Material for this exercise START

lemma subgaussian_upper_tail:
  assumes sg: "subgaussian p f s" and s: "s > 0" and e: "e > 0"
  shows "measure_pmf.prob p {x. f x - measure_pmf.expectation p f > e} \<le> exp (- 2 * e\<^sup>2 / s)"
proof -
  define \<mu> where "\<mu> = measure_pmf.expectation p f"
  define l where "l = 4 * e / s"
  have "measure_pmf.prob p {x. f x - \<mu> > e}
          \<le> measure_pmf.expectation p (\<lambda>x. exp (l * ((f x - \<mu>) - e)))"
    using sg s e by (intro prob_gt_le_expectation_exp) (auto simp: subgaussian_def l_def)
  also have "\<dots> = measure_pmf.expectation p (\<lambda>x. exp (l * (f x - \<mu>)) * exp (- l * e))"
    by (simp add: exp_add[symmetric] algebra_simps)
  also have "\<dots> = measure_pmf.expectation p (\<lambda>x. exp (l * (f x - \<mu>))) * exp (- l * e)"
    by simp
  also have "\<dots> \<le> exp (l\<^sup>2 * s / 8) * exp (- l * e)"
    using sg unfolding subgaussian_def \<mu>_def by (simp add: mult_right_mono)
  also have "\<dots> = exp (- 2 * e\<^sup>2 / s)"
    using s by (simp add: exp_add[symmetric] l_def power2_eq_square field_simps)
  finally show ?thesis by (simp add: \<mu>_def)
qed

lemma subgaussian_tail:
  assumes sg: "subgaussian p f s" and s: "s > 0" and e: "e > 0"
  shows "measure_pmf.prob p {x. \<bar>f x - measure_pmf.expectation p f\<bar> > e} \<le> 2 * exp (- 2 * e\<^sup>2 / s)"
proof -
  have "measure_pmf.prob p {x. \<bar>f x - measure_pmf.expectation p f\<bar> > e}
      \<le> measure_pmf.prob p ({x. f x - measure_pmf.expectation p f > e} \<union>
                           {x. - f x - measure_pmf.expectation p (\<lambda>x. - f x) > e})"
    by (intro measure_pmf.finite_measure_mono) auto
  also have "\<dots> \<le> measure_pmf.prob p {x. f x - measure_pmf.expectation p f > e} +
                 measure_pmf.prob p {x. - f x - measure_pmf.expectation p (\<lambda>x. - f x) > e}"
    by (rule measure_Un_le) auto
  also have "\<dots> \<le> exp (- 2 * e\<^sup>2 / s) + exp (- 2 * e\<^sup>2 / s)"
    by (intro add_mono subgaussian_upper_tail[OF sg s e]
        subgaussian_upper_tail[OF subgaussian_uminus[OF sg] s e])
  finally show ?thesis by simp
qed

lemma subgaussian_tail_scaled:
  fixes K S c :: real and n :: nat
  assumes sg: "subgaussian p f (K / (real n)\<^sup>2)" and K: "K \<le> 2 * c * S"
    and c: "c > 0" and S: "S \<ge> 0" and n: "n > 0" and e: "e > 0"
  shows "measure_pmf.prob p {x. \<bar>f x - measure_pmf.expectation p f\<bar> > e}
           \<le> 2 * exp (- (e\<^sup>2 * real n ^ 2) / (c * S))"
proof (cases "S = 0")
  case True
  have "measure_pmf.prob p {x. \<bar>f x - measure_pmf.expectation p f\<bar> > e} \<le> 1"
    by (rule measure_pmf.prob_le_1)
  moreover have "2 * exp (- (e\<^sup>2 * real n ^ 2) / (c * S)) = 2" using True by simp
  ultimately show ?thesis by linarith
next
  case False
  then have pos: "2 * c * S / (real n)\<^sup>2 > 0" using S c n by simp
  have "subgaussian p f (2 * c * S / (real n)\<^sup>2)"
    by (rule subgaussian_mono[OF sg]) (simp add: K divide_right_mono)
  from subgaussian_tail[OF this pos e] show ?thesis
    using n c by (simp add: field_simps power2_eq_square)
qed

section \<open>Maximum directed matchings\<close>

lemma finite_dmatching_sizes: "finite {size M | M. M \<subseteq># G \<and> directed_matching M}"
proof (rule finite_subset)
  show "{size M | M. M \<subseteq># G \<and> directed_matching M} \<subseteq> {0..size G}"
    by (auto simp: size_mset_mono)
qed simp

lemma directed_matching_empty: "directed_matching {#}"
  by (simp add: directed_matching_def)

lemma directed_matching_subset_mset:
  assumes M: "directed_matching M" and sub: "M' \<subseteq># M"
  shows "directed_matching M'"
  unfolding directed_matching_def
proof
  fix v
  have "size (filter_mset P M') \<le> size (filter_mset P M)" for P
    by (intro size_mset_mono multiset_filter_mono sub)
  from this[of "\<lambda>e. fst e = v"] this[of "\<lambda>e. snd e = v"] M
  show "size (filter_mset (\<lambda>e. fst e = v) M') \<le> 1 \<and> size (filter_mset (\<lambda>e. snd e = v) M') \<le> 1"
    unfolding directed_matching_def by (meson order.trans)
qed

lemma size_le_max_dmatching_size:
  assumes "M \<subseteq># G" and "directed_matching M"
  shows "size M \<le> max_dmatching_size G"
  unfolding max_dmatching_size_def
  by (rule Max_ge[OF finite_dmatching_sizes]) (use assms in blast)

Material for this exercise END

> _Requirement_
Repeat the entries above exactly, leaving nothing out.

> _Exercise solution_
lemma subgaussian_upper_tail:
  assumes sg: "subgaussian p f s" and s: "s > 0" and e: "e > 0"
  shows "measure_pmf.prob p {x. f x - measure_pmf.expectation p f > e} \<le> exp (- 2 * e\<^sup>2 / s)"
proof -
  define \<mu> where "\<mu> = measure_pmf.expectation p f"
  define l where "l = 4 * e / s"
  have "measure_pmf.prob p {x. f x - \<mu> > e}
          \<le> measure_pmf.expectation p (\<lambda>x. exp (l * ((f x - \<mu>) - e)))"
    using sg s e by (intro prob_gt_le_expectation_exp) (auto simp: subgaussian_def l_def)
  also have "\<dots> = measure_pmf.expectation p (\<lambda>x. exp (l * (f x - \<mu>)) * exp (- l * e))"
    by (simp add: exp_add[symmetric] algebra_simps)
  also have "\<dots> = measure_pmf.expectation p (\<lambda>x. exp (l * (f x - \<mu>))) * exp (- l * e)"
    by simp
  also have "\<dots> \<le> exp (l\<^sup>2 * s / 8) * exp (- l * e)"
    using sg unfolding subgaussian_def \<mu>_def by (simp add: mult_right_mono)
  also have "\<dots> = exp (- 2 * e\<^sup>2 / s)"
    using s by (simp add: exp_add[symmetric] l_def power2_eq_square field_simps)
  finally show ?thesis by (simp add: \<mu>_def)
qed

lemma subgaussian_tail:
  assumes sg: "subgaussian p f s" and s: "s > 0" and e: "e > 0"
  shows "measure_pmf.prob p {x. \<bar>f x - measure_pmf.expectation p f\<bar> > e} \<le> 2 * exp (- 2 * e\<^sup>2 / s)"
proof -
  have "measure_pmf.prob p {x. \<bar>f x - measure_pmf.expectation p f\<bar> > e}
      \<le> measure_pmf.prob p ({x. f x - measure_pmf.expectation p f > e} \<union>
                           {x. - f x - measure_pmf.expectation p (\<lambda>x. - f x) > e})"
    by (intro measure_pmf.finite_measure_mono) auto
  also have "\<dots> \<le> measure_pmf.prob p {x. f x - measure_pmf.expectation p f > e} +
                 measure_pmf.prob p {x. - f x - measure_pmf.expectation p (\<lambda>x. - f x) > e}"
    by (rule measure_Un_le) auto
  also have "\<dots> \<le> exp (- 2 * e\<^sup>2 / s) + exp (- 2 * e\<^sup>2 / s)"
    by (intro add_mono subgaussian_upper_tail[OF sg s e]
        subgaussian_upper_tail[OF subgaussian_uminus[OF sg] s e])
  finally show ?thesis by simp
qed

lemma subgaussian_tail_scaled:
  fixes K S c :: real and n :: nat
  assumes sg: "subgaussian p f (K / (real n)\<^sup>2)" and K: "K \<le> 2 * c * S"
    and c: "c > 0" and S: "S \<ge> 0" and n: "n > 0" and e: "e > 0"
  shows "measure_pmf.prob p {x. \<bar>f x - measure_pmf.expectation p f\<bar> > e}
           \<le> 2 * exp (- (e\<^sup>2 * real n ^ 2) / (c * S))"
proof (cases "S = 0")
  case True
  have "measure_pmf.prob p {x. \<bar>f x - measure_pmf.expectation p f\<bar> > e} \<le> 1"
    by (rule measure_pmf.prob_le_1)
  moreover have "2 * exp (- (e\<^sup>2 * real n ^ 2) / (c * S)) = 2" using True by simp
  ultimately show ?thesis by linarith
next
  case False
  then have pos: "2 * c * S / (real n)\<^sup>2 > 0" using S c n by simp
  have "subgaussian p f (2 * c * S / (real n)\<^sup>2)"
    by (rule subgaussian_mono[OF sg]) (simp add: K divide_right_mono)
  from subgaussian_tail[OF this pos e] show ?thesis
    using n c by (simp add: field_simps power2_eq_square)
qed

section \<open>Maximum directed matchings\<close>

lemma finite_dmatching_sizes: "finite {size M | M. M \<subseteq># G \<and> directed_matching M}"
proof (rule finite_subset)
  show "{size M | M. M \<subseteq># G \<and> directed_matching M} \<subseteq> {0..size G}"
    by (auto simp: size_mset_mono)
qed simp

lemma directed_matching_empty: "directed_matching {#}"
  by (simp add: directed_matching_def)

lemma directed_matching_subset_mset:
  assumes M: "directed_matching M" and sub: "M' \<subseteq># M"
  shows "directed_matching M'"
  unfolding directed_matching_def
proof
  fix v
  have "size (filter_mset P M') \<le> size (filter_mset P M)" for P
    by (intro size_mset_mono multiset_filter_mono sub)
  from this[of "\<lambda>e. fst e = v"] this[of "\<lambda>e. snd e = v"] M
  show "size (filter_mset (\<lambda>e. fst e = v) M') \<le> 1 \<and> size (filter_mset (\<lambda>e. snd e = v) M') \<le> 1"
    unfolding directed_matching_def by (meson order.trans)
qed

lemma size_le_max_dmatching_size:
  assumes "M \<subseteq># G" and "directed_matching M"
  shows "size M \<le> max_dmatching_size G"
  unfolding max_dmatching_size_def
  by (rule Max_ge[OF finite_dmatching_sizes]) (use assms in blast)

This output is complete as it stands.